The squad controls are kept deliberately simple: you can select members by holding the A button and pressing the D-pad, and the available members are divided into two squads. And being a supernatural game, you don't have to constantly reload should one member die. As in Gears of War, squad members collapse at the point of death and can be revived at the press of a button. You don't need to hop back to the last checkpoint unless your whole team is wiped out.

The preview code concentrates on the Crusade and Roman periods. Each time period has its own distinctive look and architecture, and its own ugly brood of monsters, but they're all bought to life by the developer's own Mercury Engine, which provides an excellent range of wet surface effects, gloomy lighting and the sort of gritty detail we saw in Gears of War. At times the visuals are - literally - too dark, but this is expected to change before the final release. Still, even now you can see Barker's influence in the strong character and creature design: think Capcom's work in Devil May Cry and Resident Evil with an added splosh of Hellraiser's gruesome body horror and you're getting pretty close.

Frankly, Jericho even makes The Darkness look tame. Blood has been splashed liberally around on every surface, corpses dissolve in a cloud of flies, bloody orifices open up on creature's backs, and one boss appears to be a hideously obese pervert who can tear open his stomach to hurl a stream of blood and bile right in your face. Even the menus are overlaid onto the sort of hideous pulsing organ you usually see flashing up briefly in a paricularly gruelling episode of Casualty. It's just that sort of game.

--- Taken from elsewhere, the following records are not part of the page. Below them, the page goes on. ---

text \<open>The point of S nearest to A outside A is in
  A's cluster by niceness, so the closest cross pair between A and B ends in that cluster.\<close>
lemma merge_within_cluster:
  assumes cl: "is_clustering \<C>" and nc: "nice d \<C>" and d_sym: "\<And>x y. d x y = d y x"
    and AF: "A \<in> F" and BF: "B \<in> F" and AB: "A \<noteq> B"
    and nearest: "\<forall>A'\<in>F. A' \<noteq> A \<longrightarrow> link d A B \<le> link d A A'"
    and dj: "disjoint_leaves F" and cover: "\<Union>(leaves ` F) = S"
    and A_within: "within_cluster \<C> (leaves A)" and A_open: "\<not> cluster_closed \<C> S (leaves A)"
    and B_ok: "within_cluster \<C> (leaves B) \<or> cluster_closed \<C> S (leaves B)"
  shows "within_cluster \<C> (leaves A \<union> leaves B)"
proof -
  obtain C where C: "C \<in> \<C>" "leaves A \<subseteq> C"
    using A_within unfolding within_cluster_def by blast
  obtain C' s where C': "C' \<in> \<C>" "C' \<inter> leaves A \<noteq> {}" "s \<in> C'" "s \<in> S" "s \<notin> leaves A"
    using A_open unfolding cluster_closed_def by blast
  have "C' = C" using C C' cluster_unique[OF cl] by blast
  obtain a b where ab: "a \<in> leaves A" "b \<in> leaves B" "link d A B = d a b"
    using link_attained[of A B d] by blast
  obtain A' where A': "A' \<in> F" "s \<in> leaves A'" using C'(4) cover by blast
  have b_in_C: "b \<in> C"
  proof (rule ccontr)
    assume "b \<notin> C"
    then have "\<not> same_cluster \<C> a b"
      unfolding same_cluster_def using C ab cluster_unique[OF cl] by blast
    moreover have "same_cluster \<C> a s"
      unfolding same_cluster_def using C C' \<open>C' = C\<close> ab by blast
    ultimately have "d s a < d b a" using nc unfolding nice_def by blast
    moreover have "link d A B \<le> link d A A'"
      using nearest A' C'(5) by auto
    moreover have "link d A A' \<le> d a s" by (rule link_le[OF ab(1) A'(2)])
    ultimately show False using ab(3) d_sym[of a s] d_sym[of a b] by linarith
  qed
  from B_ok show ?thesis
  proof
    assume "within_cluster \<C> (leaves B)"
    then obtain D where D: "D \<in> \<C>" "leaves B \<subseteq> D" unfolding within_cluster_def by blast
    then have "D = C" using b_in_C ab C cluster_unique[OF cl] by blast
    then show ?thesis using C D unfolding within_cluster_def by blast
  next
    assume "cluster_closed \<C> S (leaves B)"
    then have "a \<in> leaves B"
      using C b_in_C ab AF cover unfolding cluster_closed_def by blast
    moreover have "leaves A \<inter> leaves B = {}"
      using dj AF BF AB unfolding disjoint_leaves_def by blast
    ultimately show ?thesis using ab(1) by blast
  qed
qed

lemma merge_respects_clusters:
  assumes cl: "is_clustering \<C>" and nc: "nice d \<C>" and d_sym: "\<And>x y. d x y = d y x"
    and AF: "A \<in> F" and BF: "B \<in> F" and AB: "A \<noteq> B"
    and closest: "\<forall>A'\<in>F. \<forall>B'\<in>F. A' \<noteq> B' \<longrightarrow> link d A B \<le> link d A' B'"
    and resp: "\<forall>t\<in>F. respects_clusters \<C> S t"
    and dj: "disjoint_leaves F" and cover: "\<Union>(leaves ` F) = S"
  shows "respects_clusters \<C> S (Node A B)"
proof -
  have rA: "within_cluster \<C> (leaves A) \<or> cluster_closed \<C> S (leaves A)"
    and rB: "within_cluster \<C> (leaves B) \<or> cluster_closed \<C> S (leaves B)"
    using respects_clusters_root[OF cl bspec[OF resp AF]]
      respects_clusters_root[OF cl bspec[OF resp BF]] .
  have A_nearest: "\<forall>A'\<in>F. A' \<noteq> A \<longrightarrow> link d A B \<le> link d A A'"
    using closest[rule_format, OF AF] by (metis)
  have "link d B A = link d A B" by (rule link_sym) (rule d_sym)
  then have B_nearest: "\<forall>A'\<in>F. A' \<noteq> B \<longrightarrow> link d B A \<le> link d B A'"
    using closest[rule_format, OF BF] by (metis)
  have "cluster_closed \<C> S (leaves A) \<or> within_cluster \<C> (leaves A \<union> leaves B)"
    using merge_within_cluster[OF cl nc d_sym AF BF AB A_nearest dj cover _ _ rB] rA by blast
  moreover have "cluster_closed \<C> S (leaves B) \<or> within_cluster \<C> (leaves B \<union> leaves A)"
    using merge_within_cluster[OF cl nc d_sym BF AF AB[symmetric] B_nearest dj cover _ _ rA] rB
    by blast
  moreover have "leaves A \<inter> leaves B = {}"
    using dj AF BF AB unfolding disjoint_leaves_def by blast
  ultimately show ?thesis using resp AF BF by (simp add: Un_commute) blast
qed

lemma sl_run_respects_clusters:
  assumes cl: "is_clustering \<C>" and nc: "nice d \<C>" and d_sym: "\<And>x y. d x y = d y x"
  shows "sl_run d F t \<Longrightarrow> \<forall>u\<in>F. respects_clusters \<C> S u \<Longrightarrow> disjoint_leaves F
    \<Longrightarrow> \<Union>(leaves ` F) = S \<Longrightarrow> respects_clusters \<C> S t \<and> leaves t = S"
proof (induction rule: sl_run.induct)
  case (sl_done t)
  then show ?case by simp
next
  case (sl_step A F B t)
  let ?F = "insert (Node A B) (F - {A, B})"
  have "respects_clusters \<C> S (Node A B)"
    using merge_respects_clusters[OF cl nc d_sym sl_step.hyps(1-4) sl_step.prems] .
  then have "\<forall>u\<in>?F. respects_clusters \<C> S u" using sl_step.prems(1) by auto
  moreover have "disjoint_leaves ?F"
    using sl_step.prems(2) sl_step.hyps(1,2) unfolding disjoint_leaves_def by (simp, blast)
  moreover have "\<Union>(leaves ` ?F) = S" using sl_step.prems(3) sl_step.hyps(1,2) by auto
  ultimately show ?case using sl_step.IH by blast
qed
lemma integral_inv_sqrt_radicand_has_derivative:
  assumes U: "open U" "convex U" "t0 \<in> U"
    and S1: "\<And>t. t \<in> U \<Longrightarrow> (S1 has_real_derivative V1 t) (at t)"
    and S2: "\<And>t. t \<in> U \<Longrightarrow> (S2 has_real_derivative V2 t) (at t)"
    and V: "continuous_on U V1" "continuous_on U V2"
    and pos: "\<And>t x. t \<in> U \<Longrightarrow> 0 < radicand (S1 t) (S2 t) x"
  shows "((\<lambda>t. integral {0..pi / 2} (\<lambda>x. 1 / sqrt (radicand (S1 t) (S2 t) x))) has_real_derivative
      integral {0..pi / 2} (inv_sqrt_radicand_deriv (S1 t0) (S2 t0) (V1 t0) (V2 t0))) (at t0)"
proof -
  have "((\<lambda>t. integral (cbox 0 (pi / 2)) (\<lambda>x. 1 / sqrt (radicand (S1 t) (S2 t) x))) has_real_derivative
      integral (cbox 0 (pi / 2)) (inv_sqrt_radicand_deriv (S1 t0) (S2 t0) (V1 t0) (V2 t0))) (at t0 within U)"
  proof (rule leibniz_rule_field_derivative[OF _ _ _ U(3,2)])
    show "((\<lambda>t. 1 / sqrt (radicand (S1 t) (S2 t) x)) has_real_derivative
        inv_sqrt_radicand_deriv (S1 t) (S2 t) (V1 t) (V2 t) x) (at t within U)" if "t \<in> U" for t x
      using has_field_derivative_at_within[OF S1[OF that]] has_field_derivative_at_within[OF S2[OF that]]
        pos[OF that]
      by (rule inv_sqrt_radicand_has_derivative)
    show "(\<lambda>x. 1 / sqrt (radicand (S1 t) (S2 t) x)) integrable_on cbox 0 (pi / 2)" if "t \<in> U" for t
      using continuous_on_inv_sqrt_radicand[OF pos[OF that]] by (rule integrable_continuous)
    have "continuous_on U S1" "continuous_on U S2"
      using S1 S2 by (auto intro!: continuous_at_imp_continuous_on DERIV_isCont)
    then show "continuous_on (U \<times> cbox 0 (pi / 2))
        (\<lambda>(t, x). inv_sqrt_radicand_deriv (S1 t) (S2 t) (V1 t) (V2 t) x)"
      using V pos by (intro continuous_on_Times_inv_sqrt_radicand_deriv)
  qed
  then show ?thesis using at_within_open[OF U(3,1)] by simp
qed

What it doesn't appear to be is a game of brooding atmosphere, cerebral strategy or sudden shocks. Instead, the pace is fast, and the action fairly relentless. Mixing squad abilities adds an interesting touch, and some of the enemies are a real handful. The Crusade levels feature some fast-moving, twisted knights, while the Roman levels go big on warped legionnaires with heavy, half-organic shields. One of the highpoints of the preview code is a gigantic gladiator armed with a huge metal ball. Like Capcom's finest baddies, he seems utterly vast and unstoppable until you spot his hidden weak spot. At this point, shifting from squad-mate to squad-mate becomes not a cool feature, but an absolute necessity for survival.